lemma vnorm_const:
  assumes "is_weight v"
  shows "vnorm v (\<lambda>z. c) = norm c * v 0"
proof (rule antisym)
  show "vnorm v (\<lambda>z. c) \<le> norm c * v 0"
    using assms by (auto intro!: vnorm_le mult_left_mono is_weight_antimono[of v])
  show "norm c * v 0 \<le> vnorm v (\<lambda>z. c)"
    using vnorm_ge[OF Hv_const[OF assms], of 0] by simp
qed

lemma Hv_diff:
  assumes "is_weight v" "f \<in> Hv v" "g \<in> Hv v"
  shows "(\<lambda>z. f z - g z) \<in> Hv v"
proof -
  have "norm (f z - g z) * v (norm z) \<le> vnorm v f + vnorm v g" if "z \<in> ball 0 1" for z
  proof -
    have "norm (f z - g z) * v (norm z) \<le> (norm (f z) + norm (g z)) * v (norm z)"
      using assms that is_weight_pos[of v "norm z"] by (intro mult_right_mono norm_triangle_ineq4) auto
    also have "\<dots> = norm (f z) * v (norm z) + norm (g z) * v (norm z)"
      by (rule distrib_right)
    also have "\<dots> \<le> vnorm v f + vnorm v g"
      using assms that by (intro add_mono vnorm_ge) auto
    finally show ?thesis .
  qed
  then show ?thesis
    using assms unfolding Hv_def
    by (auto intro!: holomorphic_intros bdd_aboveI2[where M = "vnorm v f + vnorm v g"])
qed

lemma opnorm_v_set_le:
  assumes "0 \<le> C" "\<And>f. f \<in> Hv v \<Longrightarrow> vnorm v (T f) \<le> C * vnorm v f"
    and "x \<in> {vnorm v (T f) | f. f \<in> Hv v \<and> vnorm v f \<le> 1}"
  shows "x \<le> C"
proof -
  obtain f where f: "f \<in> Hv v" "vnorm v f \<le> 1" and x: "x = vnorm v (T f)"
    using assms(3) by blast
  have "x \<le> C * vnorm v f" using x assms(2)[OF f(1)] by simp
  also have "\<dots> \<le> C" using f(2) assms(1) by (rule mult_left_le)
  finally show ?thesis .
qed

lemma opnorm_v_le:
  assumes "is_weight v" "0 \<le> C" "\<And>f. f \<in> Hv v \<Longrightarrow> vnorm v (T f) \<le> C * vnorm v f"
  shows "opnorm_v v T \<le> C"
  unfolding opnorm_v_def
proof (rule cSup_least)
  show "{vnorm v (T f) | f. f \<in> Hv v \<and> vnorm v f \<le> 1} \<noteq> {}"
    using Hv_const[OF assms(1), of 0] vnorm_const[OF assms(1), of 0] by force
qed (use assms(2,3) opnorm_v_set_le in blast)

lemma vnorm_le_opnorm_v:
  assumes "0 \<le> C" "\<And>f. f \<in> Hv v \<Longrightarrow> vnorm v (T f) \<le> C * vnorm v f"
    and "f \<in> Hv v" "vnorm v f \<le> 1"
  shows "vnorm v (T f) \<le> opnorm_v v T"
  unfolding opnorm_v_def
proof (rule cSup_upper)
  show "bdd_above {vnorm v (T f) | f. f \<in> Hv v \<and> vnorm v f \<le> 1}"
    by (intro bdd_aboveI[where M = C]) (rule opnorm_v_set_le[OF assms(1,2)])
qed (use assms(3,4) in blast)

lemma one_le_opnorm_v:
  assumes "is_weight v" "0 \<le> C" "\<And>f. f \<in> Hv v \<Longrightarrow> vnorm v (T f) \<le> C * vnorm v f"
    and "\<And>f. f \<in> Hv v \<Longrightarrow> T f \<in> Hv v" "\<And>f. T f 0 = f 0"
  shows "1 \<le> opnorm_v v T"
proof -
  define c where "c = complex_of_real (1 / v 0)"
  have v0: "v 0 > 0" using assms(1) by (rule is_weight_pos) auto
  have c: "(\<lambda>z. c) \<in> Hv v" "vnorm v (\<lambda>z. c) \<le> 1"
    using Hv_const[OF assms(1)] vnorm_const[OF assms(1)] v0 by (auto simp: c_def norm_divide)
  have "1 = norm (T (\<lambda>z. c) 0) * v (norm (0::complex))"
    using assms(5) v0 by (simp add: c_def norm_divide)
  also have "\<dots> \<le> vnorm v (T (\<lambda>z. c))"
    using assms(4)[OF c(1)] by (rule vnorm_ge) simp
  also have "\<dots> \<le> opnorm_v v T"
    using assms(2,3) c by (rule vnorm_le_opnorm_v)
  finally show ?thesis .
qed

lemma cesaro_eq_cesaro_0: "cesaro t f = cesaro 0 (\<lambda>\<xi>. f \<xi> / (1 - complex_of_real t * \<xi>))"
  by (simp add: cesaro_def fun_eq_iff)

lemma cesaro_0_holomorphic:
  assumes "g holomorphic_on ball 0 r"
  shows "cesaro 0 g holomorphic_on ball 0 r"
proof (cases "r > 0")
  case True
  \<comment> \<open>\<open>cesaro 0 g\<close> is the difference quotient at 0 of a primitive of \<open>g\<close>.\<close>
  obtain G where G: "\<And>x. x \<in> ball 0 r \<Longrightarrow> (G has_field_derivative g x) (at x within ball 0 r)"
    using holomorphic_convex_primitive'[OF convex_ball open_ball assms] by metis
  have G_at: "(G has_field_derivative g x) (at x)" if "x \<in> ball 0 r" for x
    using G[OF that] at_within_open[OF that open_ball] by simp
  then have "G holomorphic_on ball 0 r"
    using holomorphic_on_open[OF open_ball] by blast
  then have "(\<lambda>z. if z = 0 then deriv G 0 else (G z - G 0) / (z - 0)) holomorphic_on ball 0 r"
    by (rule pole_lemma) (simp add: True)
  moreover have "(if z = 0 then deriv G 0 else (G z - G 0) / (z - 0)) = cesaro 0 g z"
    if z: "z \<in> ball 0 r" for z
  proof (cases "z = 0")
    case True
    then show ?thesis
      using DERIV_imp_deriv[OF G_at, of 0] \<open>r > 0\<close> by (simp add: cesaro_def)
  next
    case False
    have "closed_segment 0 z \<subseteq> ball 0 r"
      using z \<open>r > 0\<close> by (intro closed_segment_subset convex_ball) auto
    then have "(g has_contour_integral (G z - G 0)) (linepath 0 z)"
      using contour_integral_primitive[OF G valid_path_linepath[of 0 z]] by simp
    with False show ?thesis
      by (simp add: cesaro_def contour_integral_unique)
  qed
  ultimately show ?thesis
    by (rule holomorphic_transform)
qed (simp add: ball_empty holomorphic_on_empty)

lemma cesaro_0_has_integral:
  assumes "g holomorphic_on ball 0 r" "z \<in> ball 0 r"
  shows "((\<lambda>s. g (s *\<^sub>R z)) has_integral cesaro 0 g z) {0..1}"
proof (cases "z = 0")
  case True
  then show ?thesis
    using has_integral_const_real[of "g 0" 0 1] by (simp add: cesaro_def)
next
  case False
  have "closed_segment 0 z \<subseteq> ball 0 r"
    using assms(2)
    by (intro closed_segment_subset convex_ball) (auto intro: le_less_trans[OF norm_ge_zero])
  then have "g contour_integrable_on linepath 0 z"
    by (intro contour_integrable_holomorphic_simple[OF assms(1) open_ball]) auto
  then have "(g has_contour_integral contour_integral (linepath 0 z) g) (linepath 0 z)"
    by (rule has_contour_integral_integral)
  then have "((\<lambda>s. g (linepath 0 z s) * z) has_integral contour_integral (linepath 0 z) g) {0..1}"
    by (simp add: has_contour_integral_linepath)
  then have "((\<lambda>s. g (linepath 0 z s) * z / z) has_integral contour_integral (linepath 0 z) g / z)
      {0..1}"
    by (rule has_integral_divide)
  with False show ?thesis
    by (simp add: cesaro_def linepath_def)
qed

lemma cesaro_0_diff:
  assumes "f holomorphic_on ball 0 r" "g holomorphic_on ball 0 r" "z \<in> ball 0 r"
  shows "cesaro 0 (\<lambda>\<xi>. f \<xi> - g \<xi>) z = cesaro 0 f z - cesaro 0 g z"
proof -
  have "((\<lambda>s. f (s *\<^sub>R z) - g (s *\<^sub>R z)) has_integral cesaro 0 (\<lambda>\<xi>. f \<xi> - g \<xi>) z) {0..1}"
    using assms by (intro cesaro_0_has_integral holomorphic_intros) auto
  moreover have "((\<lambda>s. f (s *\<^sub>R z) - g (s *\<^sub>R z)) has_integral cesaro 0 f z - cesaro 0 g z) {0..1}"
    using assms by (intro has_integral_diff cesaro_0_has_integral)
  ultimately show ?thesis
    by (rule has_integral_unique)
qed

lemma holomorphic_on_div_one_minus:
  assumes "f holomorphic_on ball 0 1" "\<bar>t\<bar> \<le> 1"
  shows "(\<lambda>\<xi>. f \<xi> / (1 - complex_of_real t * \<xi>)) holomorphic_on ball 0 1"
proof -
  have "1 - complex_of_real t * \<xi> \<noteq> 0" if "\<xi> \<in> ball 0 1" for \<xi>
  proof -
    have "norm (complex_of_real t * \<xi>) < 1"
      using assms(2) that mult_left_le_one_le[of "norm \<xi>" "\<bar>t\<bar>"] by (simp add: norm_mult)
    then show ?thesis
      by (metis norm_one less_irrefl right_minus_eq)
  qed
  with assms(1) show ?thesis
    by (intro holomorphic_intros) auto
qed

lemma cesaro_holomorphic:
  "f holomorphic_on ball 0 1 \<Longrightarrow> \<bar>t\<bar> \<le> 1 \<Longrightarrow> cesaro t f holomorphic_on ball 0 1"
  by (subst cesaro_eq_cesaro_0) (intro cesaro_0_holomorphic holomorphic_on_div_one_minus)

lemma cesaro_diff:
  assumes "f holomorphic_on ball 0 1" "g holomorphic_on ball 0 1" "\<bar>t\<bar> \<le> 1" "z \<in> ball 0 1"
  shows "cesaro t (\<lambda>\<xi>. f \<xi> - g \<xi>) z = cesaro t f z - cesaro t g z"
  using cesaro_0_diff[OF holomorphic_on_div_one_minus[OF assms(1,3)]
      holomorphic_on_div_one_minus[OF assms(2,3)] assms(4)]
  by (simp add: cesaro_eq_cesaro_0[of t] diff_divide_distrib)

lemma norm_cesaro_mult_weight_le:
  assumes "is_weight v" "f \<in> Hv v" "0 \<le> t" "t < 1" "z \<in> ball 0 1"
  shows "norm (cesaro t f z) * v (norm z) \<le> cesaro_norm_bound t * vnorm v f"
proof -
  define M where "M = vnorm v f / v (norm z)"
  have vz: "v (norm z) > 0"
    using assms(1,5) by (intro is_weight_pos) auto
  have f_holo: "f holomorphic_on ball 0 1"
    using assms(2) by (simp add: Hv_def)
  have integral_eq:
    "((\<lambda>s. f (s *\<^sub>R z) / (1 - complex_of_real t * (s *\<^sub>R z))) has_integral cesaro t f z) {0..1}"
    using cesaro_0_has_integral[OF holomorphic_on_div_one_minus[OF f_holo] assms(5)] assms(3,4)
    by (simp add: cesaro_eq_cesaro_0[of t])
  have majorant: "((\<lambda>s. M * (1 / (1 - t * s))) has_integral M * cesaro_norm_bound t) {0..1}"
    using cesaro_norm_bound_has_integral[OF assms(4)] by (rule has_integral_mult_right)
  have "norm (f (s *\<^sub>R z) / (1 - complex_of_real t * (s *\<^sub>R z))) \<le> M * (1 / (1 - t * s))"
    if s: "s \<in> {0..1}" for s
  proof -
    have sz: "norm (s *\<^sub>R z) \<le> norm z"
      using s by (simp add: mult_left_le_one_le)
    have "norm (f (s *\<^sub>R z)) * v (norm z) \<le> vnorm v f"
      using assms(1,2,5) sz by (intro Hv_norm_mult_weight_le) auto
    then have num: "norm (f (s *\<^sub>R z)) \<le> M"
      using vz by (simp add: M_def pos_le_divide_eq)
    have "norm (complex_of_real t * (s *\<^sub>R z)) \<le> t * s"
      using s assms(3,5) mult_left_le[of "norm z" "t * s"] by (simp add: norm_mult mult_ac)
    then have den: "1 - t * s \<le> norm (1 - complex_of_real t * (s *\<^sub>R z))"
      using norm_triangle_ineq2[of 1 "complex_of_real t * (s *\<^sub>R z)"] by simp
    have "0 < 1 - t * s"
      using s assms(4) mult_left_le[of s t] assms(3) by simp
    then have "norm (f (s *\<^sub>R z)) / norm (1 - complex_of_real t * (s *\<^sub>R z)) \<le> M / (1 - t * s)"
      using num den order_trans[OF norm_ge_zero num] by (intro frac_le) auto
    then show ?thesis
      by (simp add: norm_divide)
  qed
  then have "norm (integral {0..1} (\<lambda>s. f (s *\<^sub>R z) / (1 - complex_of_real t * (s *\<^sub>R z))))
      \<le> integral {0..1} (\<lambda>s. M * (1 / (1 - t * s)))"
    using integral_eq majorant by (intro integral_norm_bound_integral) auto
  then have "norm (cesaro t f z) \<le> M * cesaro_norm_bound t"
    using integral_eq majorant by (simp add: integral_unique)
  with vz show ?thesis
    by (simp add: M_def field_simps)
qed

▬▬▬▬▬▬

- WHAT YOU WILL DO
Search the entries above for "metis". Return every line that has it.

- YOUR RESPONSE
    using holomorphic_convex_primitive'[OF convex_ball open_ball assms] by metis
      by (metis norm_one less_irrefl right_minus_eq)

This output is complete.